* _Stored items_:
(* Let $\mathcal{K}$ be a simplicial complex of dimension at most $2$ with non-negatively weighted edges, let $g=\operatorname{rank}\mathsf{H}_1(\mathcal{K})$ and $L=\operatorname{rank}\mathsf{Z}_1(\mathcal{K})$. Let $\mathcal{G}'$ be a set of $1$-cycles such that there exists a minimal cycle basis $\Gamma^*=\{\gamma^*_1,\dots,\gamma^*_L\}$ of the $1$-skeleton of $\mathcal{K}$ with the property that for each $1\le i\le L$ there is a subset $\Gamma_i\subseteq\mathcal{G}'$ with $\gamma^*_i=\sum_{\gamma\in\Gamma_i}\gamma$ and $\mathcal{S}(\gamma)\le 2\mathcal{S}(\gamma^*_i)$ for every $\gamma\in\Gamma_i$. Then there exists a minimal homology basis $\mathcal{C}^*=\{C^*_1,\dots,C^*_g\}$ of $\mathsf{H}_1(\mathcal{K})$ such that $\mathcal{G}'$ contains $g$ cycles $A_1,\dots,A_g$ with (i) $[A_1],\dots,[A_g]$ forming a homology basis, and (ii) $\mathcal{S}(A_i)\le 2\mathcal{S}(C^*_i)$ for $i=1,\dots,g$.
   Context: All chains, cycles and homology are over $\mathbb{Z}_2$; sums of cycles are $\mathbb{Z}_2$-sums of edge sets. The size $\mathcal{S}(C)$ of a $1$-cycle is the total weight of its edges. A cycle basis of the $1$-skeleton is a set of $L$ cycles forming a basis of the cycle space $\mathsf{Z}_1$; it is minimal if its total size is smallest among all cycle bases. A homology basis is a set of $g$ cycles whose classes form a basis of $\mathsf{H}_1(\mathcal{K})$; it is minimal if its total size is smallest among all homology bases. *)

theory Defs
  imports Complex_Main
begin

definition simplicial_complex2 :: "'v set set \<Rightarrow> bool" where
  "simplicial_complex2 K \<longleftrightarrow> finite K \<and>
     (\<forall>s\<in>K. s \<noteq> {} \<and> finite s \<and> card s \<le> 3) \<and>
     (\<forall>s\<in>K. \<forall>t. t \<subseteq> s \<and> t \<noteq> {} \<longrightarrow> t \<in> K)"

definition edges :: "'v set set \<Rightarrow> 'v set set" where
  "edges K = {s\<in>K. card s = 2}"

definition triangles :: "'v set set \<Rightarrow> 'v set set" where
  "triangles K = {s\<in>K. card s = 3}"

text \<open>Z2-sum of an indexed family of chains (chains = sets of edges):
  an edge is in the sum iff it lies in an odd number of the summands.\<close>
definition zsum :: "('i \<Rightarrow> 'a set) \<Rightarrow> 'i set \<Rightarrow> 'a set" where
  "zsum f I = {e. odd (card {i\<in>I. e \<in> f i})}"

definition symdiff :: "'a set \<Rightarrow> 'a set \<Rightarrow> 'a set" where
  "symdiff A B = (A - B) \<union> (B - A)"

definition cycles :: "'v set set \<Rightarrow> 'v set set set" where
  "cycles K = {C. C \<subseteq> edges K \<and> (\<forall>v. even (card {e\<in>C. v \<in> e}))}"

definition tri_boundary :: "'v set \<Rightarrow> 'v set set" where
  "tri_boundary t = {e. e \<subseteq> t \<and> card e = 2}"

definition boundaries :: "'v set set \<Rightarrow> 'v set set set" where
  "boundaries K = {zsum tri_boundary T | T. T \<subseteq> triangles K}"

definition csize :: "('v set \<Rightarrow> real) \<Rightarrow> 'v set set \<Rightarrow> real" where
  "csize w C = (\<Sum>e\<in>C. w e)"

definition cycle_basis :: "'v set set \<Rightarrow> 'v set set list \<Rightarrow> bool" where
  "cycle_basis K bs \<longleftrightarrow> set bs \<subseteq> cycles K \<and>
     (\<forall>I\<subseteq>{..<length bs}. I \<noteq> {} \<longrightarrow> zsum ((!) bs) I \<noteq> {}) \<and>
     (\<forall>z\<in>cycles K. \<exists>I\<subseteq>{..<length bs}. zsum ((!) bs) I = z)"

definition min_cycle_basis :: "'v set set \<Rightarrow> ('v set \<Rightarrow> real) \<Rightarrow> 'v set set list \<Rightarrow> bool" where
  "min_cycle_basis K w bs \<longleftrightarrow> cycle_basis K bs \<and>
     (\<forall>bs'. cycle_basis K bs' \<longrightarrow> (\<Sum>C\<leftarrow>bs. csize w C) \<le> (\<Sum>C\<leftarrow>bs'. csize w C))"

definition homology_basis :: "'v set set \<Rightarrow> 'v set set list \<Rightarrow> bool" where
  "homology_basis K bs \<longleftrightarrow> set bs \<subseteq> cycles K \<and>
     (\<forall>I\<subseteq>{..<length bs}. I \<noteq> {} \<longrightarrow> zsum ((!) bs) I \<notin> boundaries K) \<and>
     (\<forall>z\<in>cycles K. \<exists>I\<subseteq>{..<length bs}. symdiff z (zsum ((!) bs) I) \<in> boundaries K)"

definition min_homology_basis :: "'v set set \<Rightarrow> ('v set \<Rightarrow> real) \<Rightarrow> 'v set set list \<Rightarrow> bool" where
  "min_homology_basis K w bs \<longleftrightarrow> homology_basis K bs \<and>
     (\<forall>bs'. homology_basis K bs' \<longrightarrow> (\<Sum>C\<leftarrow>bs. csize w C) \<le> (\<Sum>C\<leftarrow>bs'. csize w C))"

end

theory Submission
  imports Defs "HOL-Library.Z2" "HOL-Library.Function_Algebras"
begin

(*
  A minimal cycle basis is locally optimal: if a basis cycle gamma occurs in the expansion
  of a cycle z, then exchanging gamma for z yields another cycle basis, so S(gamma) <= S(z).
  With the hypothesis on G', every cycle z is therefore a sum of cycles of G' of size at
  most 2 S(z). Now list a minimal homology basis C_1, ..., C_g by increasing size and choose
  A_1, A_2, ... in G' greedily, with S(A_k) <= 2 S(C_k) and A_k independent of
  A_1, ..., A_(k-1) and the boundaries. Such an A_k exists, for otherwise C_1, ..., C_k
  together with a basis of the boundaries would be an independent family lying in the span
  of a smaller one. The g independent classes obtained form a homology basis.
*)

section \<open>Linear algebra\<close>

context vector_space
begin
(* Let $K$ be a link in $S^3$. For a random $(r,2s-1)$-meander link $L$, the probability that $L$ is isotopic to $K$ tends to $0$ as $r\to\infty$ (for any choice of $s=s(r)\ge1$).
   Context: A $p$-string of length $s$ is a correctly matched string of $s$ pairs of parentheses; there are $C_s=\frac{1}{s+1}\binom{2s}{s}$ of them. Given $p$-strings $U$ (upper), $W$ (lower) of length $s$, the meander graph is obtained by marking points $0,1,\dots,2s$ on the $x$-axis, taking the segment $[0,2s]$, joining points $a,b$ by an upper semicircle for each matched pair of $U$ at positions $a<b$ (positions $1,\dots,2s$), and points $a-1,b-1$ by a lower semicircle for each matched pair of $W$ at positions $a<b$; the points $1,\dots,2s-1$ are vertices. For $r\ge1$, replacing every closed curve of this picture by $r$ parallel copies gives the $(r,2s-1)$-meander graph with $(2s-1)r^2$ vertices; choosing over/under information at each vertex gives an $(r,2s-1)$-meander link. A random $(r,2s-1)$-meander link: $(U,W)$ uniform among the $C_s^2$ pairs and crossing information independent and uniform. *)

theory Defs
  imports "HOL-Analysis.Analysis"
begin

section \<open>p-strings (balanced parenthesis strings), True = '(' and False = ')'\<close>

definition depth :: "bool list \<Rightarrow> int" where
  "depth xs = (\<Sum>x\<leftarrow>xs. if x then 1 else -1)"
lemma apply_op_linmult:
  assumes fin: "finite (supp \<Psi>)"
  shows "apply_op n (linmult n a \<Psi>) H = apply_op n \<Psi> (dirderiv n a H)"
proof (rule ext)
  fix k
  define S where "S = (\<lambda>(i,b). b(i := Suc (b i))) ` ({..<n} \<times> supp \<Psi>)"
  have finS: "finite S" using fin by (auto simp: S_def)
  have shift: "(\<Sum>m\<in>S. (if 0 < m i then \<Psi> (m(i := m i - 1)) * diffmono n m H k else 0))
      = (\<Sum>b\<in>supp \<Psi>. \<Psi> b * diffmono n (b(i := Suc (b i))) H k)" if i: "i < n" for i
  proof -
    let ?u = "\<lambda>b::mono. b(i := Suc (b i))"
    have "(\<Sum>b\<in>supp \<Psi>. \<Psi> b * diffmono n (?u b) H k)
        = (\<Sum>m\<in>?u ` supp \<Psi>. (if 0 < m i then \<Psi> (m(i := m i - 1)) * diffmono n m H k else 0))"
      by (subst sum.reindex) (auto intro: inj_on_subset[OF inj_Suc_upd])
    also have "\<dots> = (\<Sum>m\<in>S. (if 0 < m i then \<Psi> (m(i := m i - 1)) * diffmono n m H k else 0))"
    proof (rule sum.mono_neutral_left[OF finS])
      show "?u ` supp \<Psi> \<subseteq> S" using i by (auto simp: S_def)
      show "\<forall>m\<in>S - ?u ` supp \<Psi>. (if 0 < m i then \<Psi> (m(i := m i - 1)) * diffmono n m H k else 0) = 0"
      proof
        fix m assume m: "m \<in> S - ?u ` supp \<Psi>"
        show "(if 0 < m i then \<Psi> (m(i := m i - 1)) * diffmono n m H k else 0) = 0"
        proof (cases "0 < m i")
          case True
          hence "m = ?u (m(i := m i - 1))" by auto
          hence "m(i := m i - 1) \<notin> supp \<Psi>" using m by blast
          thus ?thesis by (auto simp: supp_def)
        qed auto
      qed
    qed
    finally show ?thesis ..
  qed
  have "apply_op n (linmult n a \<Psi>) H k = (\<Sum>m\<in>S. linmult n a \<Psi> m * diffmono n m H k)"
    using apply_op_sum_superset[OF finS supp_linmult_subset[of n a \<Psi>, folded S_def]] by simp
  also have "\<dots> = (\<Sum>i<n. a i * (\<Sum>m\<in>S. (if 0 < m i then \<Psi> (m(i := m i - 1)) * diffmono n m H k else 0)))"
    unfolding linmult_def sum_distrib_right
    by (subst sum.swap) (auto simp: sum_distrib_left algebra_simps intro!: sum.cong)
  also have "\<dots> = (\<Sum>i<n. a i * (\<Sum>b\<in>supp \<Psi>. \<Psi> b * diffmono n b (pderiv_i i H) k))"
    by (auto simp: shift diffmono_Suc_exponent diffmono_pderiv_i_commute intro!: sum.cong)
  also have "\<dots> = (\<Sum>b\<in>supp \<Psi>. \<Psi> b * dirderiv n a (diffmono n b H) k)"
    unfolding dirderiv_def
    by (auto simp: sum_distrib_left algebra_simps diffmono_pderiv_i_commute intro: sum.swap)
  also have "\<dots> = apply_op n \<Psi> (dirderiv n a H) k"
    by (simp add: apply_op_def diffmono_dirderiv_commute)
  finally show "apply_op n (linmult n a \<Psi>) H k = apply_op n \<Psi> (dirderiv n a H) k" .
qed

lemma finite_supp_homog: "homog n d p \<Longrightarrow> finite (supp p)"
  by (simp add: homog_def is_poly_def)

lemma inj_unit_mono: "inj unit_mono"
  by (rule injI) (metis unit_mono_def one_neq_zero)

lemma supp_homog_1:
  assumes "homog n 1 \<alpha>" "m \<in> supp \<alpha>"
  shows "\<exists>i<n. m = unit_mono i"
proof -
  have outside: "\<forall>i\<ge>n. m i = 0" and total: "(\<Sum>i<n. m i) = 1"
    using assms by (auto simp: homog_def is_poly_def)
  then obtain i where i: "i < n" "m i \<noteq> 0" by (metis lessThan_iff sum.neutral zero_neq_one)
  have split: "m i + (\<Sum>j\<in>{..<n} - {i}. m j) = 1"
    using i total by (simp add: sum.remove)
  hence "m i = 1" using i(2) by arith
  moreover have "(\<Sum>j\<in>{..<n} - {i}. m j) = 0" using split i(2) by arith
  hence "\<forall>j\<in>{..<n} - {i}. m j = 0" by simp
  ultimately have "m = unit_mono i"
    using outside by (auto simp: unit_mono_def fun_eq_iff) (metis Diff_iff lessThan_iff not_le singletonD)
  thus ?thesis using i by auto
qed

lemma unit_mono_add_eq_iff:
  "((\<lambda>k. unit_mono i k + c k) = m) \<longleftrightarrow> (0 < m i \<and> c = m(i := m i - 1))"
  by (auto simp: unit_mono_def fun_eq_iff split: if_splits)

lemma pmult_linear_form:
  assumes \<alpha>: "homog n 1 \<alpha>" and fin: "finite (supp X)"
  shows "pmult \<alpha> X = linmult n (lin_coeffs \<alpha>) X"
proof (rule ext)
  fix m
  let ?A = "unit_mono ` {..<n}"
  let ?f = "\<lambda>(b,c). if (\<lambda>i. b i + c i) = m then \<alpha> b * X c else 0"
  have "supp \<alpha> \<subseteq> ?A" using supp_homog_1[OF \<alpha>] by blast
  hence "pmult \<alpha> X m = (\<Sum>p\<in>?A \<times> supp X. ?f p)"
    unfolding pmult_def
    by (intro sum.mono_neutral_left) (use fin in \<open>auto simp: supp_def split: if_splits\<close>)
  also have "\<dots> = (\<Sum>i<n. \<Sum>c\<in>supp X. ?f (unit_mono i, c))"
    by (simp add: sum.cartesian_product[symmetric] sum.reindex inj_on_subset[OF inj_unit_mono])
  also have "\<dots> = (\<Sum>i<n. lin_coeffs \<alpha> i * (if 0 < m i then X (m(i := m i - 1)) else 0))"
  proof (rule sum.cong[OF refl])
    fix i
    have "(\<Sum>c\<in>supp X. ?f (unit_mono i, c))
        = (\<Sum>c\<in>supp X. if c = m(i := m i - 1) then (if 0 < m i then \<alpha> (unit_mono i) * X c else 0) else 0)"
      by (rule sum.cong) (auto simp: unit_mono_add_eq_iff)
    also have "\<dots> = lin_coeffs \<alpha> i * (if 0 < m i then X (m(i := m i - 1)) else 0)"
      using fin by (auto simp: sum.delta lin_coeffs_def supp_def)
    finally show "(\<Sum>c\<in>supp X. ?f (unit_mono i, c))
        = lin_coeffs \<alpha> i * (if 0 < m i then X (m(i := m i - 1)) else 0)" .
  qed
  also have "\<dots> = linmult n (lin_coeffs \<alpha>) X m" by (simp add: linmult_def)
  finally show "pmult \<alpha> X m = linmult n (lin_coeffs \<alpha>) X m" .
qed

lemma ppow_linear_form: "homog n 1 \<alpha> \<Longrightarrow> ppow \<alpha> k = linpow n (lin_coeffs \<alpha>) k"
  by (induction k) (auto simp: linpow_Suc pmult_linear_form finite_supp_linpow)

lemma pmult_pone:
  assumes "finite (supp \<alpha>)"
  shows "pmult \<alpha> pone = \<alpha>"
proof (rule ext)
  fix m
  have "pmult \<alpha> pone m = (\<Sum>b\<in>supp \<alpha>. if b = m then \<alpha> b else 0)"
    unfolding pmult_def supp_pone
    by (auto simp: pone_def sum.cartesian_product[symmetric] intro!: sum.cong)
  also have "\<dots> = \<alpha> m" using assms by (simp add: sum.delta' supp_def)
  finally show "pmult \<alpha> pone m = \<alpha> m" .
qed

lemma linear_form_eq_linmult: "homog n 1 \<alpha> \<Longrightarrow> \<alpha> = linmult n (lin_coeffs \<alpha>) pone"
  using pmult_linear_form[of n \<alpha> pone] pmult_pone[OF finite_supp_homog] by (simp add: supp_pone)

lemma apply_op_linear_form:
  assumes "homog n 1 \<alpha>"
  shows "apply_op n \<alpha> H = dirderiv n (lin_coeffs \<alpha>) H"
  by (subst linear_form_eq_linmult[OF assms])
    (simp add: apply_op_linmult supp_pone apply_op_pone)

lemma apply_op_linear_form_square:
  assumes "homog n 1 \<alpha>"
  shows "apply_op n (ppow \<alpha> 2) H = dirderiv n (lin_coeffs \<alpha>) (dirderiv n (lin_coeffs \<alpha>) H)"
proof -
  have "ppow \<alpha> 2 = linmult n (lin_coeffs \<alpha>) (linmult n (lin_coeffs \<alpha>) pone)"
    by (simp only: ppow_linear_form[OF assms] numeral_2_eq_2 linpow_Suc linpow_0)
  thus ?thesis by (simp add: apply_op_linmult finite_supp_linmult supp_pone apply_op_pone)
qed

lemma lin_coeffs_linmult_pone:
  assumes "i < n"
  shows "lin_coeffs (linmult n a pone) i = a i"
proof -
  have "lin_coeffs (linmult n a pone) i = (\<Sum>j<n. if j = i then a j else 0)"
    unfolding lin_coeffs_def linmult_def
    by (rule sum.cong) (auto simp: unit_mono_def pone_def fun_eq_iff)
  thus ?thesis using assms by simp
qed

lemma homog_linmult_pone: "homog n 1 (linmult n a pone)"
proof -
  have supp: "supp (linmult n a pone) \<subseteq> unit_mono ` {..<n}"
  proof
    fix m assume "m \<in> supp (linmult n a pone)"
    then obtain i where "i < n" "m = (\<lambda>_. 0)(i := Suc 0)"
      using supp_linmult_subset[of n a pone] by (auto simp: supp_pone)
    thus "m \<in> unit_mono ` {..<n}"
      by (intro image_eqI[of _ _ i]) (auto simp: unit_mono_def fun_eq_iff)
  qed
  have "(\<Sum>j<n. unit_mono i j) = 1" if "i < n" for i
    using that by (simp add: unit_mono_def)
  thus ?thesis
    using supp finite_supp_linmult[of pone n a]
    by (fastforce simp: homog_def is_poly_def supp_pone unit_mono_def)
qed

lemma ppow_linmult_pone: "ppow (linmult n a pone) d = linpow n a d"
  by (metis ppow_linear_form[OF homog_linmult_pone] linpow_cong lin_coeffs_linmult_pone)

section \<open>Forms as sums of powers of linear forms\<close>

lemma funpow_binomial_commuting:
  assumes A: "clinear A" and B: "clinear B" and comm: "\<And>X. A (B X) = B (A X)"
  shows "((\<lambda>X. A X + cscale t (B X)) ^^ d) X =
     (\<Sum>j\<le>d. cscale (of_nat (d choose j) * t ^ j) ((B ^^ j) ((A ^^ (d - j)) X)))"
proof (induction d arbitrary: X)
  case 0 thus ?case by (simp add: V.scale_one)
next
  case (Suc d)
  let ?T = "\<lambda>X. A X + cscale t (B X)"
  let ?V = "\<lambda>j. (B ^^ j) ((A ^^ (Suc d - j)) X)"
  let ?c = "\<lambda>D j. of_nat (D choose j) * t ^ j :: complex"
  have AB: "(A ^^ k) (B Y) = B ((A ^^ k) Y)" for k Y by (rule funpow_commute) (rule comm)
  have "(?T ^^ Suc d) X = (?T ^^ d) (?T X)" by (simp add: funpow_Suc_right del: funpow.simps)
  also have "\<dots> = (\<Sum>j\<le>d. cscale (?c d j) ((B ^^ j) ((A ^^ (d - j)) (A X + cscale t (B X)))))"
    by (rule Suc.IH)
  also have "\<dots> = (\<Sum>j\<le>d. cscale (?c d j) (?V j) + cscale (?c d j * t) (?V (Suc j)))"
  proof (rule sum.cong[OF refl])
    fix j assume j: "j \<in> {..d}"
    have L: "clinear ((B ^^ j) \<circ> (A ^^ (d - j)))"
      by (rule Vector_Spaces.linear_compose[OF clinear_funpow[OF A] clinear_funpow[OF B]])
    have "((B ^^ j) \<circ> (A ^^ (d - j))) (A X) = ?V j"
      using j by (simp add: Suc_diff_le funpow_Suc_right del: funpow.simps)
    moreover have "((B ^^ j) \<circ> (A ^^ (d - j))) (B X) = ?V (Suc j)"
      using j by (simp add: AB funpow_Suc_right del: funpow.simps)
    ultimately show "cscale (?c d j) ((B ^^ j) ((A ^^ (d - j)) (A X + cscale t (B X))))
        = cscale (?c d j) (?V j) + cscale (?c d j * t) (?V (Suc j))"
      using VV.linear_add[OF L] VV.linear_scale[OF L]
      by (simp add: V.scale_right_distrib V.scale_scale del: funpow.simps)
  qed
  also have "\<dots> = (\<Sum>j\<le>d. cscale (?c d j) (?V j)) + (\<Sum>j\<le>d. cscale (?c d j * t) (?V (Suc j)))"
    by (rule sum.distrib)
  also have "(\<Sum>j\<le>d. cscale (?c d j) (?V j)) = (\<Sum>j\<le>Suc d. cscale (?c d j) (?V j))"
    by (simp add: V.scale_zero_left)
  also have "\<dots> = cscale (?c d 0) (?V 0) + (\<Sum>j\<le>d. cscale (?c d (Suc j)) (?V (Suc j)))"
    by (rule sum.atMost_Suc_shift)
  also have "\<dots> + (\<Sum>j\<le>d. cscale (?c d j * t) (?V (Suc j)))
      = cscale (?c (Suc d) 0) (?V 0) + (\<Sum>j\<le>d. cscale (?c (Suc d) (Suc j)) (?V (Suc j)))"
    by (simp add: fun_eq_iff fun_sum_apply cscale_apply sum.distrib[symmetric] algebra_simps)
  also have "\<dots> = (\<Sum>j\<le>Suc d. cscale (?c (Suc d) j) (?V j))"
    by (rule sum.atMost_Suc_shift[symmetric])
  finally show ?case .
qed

* _Work instructions_: Copy out only the lines of the records above from the one with "unfolding dirderiv_def" through the one with "k = apply_op", exactly as they stand, both included.

* _Solution for this problem_:
    unfolding dirderiv_def
    by (auto simp: sum_distrib_left algebra_simps diffmono_pderiv_i_commute intro: sum.swap)
  also have "\<dots> = apply_op n \<Psi> (dirderiv n a H) k"
    by (simp add: apply_op_def diffmono_dirderiv_commute)
  finally show "apply_op n (linmult n a \<Psi>) H k = apply_op n \<Psi> (dirderiv n a H) k" .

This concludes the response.